Several additional visualization techniques are incorporated into the application, including tables, images and a slider input. After viewing risk estimates, users are presented with information on the potential benefits and downsides of mammography, along with factors relevant to screening frequency decisions. The final page (Figure 5) synthesizes this information using multiple visual elements, including an image of a scale to represent consideration of benefits and harms, a summary table, and a slider input allowing users to indicate screening preference by moving the slider in either direction. While the slider is not used analytically, it was designed to provide an interactive mechanism for users to reflect on their screening preferences. The slider was not included in the original version of the application, but was added based on end-user feedback (9).
These visual elements work together to present information in an integrated format for decision-making. During end-user testing, patients and experts reported highly valuing the personalized risk information provided by the aid for understanding and reflecting on breast cancer screening decisions (9).
Conditional display of outputs
So far, we have demonstrated how to structure a decision aid that calculates an individual user’s risk and presents results using multiple display formats. However, not all users should see the same information. Application flow depends on user characteristics and estimated risks of breast cancer and non-breast cancer death. For example, mammography guidelines differ for women aged 75 and older or for those with high estimated risk of mortality. Therefore, to personalize content and flow, we implemented conditional display of elements throughout the app.
Shiny supports multiple approaches to the conditional display of content. One method uses conditional logic within server-side processing to modify display content based on user inputs. Figure 6A illustrates an example where different text is displayed depending on whether a woman’s estimated 10-year mortality risk exceeded 50%. Users with >50% risk of 10-year mortality are estimated to have <10-year life expectancy, since life expectancy is the median survival of a population and guidelines do not recommend screening for these women. By conditioning each output on relevant variables, we tailored the displayed content to women in different clinical scenarios.
Another key function used throughout the app is observeEvent, which triggers reactive actions when a defined event occurs, such as clicking a button or modifying a widget. The observeEvent is used to manage navigation and determine which content becomes available as the user progresses through the decision aid. Users begin on the home page with access only to the Assessment page, and additional pages are displayed as users proceed through the application. Figure 6B provides an example in which submission of assessment information reveals the risk results page.

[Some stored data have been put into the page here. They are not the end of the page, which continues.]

definition abs_op :: "qop \<Rightarrow> qop" where
  "abs_op A = (THE P. psd P \<and> P ** P = adj A ** A)"

definition trace_norm :: "qop \<Rightarrow> real" where
  "trace_norm A = Re (mtrace (abs_op A))"

definition dephase :: "qop \<Rightarrow> qop" where
  "dephase X = (\<chi> i j. if i = j then X $ i $ i else 0)"

definition coh :: "qop \<Rightarrow> real" where
  "coh X = trace_norm (X - dephase X)"

definition density :: "qop \<Rightarrow> bool" where
  "density \<rho> \<longleftrightarrow> psd \<rho> \<and> mtrace \<rho> = 1"

definition is_povm :: "qop list \<Rightarrow> bool" where
  "is_povm M \<longleftrightarrow> (\<forall>E\<in>set M. psd E) \<and> sum_list M = mat 1"

definition povm_effects :: "qop list set \<Rightarrow> qop set" where
  "povm_effects Ms = (\<Union>M\<in>Ms. set M)"

definition convex_linear_on :: "qop set \<Rightarrow> (qop \<Rightarrow> nat \<Rightarrow> real) \<Rightarrow> nat set \<Rightarrow> bool" where
  "convex_linear_on C f Lam \<longleftrightarrow>
     (\<forall>a\<in>C. \<forall>b\<in>C. \<forall>p::real. 0 \<le> p \<and> p \<le> 1 \<longrightarrow>
        (\<forall>l\<in>Lam. f (p *\<^sub>R a + (1 - p) *\<^sub>R b) l = p * f a l + (1 - p) * f b l))"

text \<open>Noncontextual ontological model for (S, E) with a finite ontic space
  (w.l.o.g. a finite set of naturals).\<close>
definition nc_model :: "qop set \<Rightarrow> qop set \<Rightarrow> bool" where
  "nc_model S Es \<longleftrightarrow>
    (\<exists>(Lam::nat set) (\<mu>::qop \<Rightarrow> nat \<Rightarrow> real) (\<xi>::qop \<Rightarrow> nat \<Rightarrow> real).
       finite Lam \<and>
       (\<forall>\<rho>\<in>convex hull S. (\<forall>l\<in>Lam. 0 \<le> \<mu> \<rho> l) \<and> (\<Sum>l\<in>Lam. \<mu> \<rho> l) = 1) \<and>
       convex_linear_on (convex hull S) \<mu> Lam \<and>
       (\<forall>E\<in>convex hull (Es \<union> {0, mat 1}). \<forall>l\<in>Lam. 0 \<le> \<xi> E l \<and> \<xi> E l \<le> 1) \<and>
       convex_linear_on (convex hull (Es \<union> {0, mat 1})) \<xi> Lam \<and>
       (\<forall>l\<in>Lam. \<xi> (mat 1) l = 1) \<and>
       (\<forall>\<rho>\<in>S. \<forall>E\<in>Es. mtrace (E ** \<rho>) = complex_of_real (\<Sum>l\<in>Lam. \<xi> E l * \<mu> \<rho> l)))"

Additional uses of observeEvent include conditionally displaying the breast cancer prevention medications section for users meeting predefined risk thresholds, dynamically showing or hiding assessment questions based on prior responses, resetting inputs, and displaying error messages when inputs are missing or out of range.
Finalizing the application
After the core structure is complete, the application’s appearance can be customized using Cascading Style Sheets (CSS) (16), allowing modification of visual elements such as color, font, and sizing.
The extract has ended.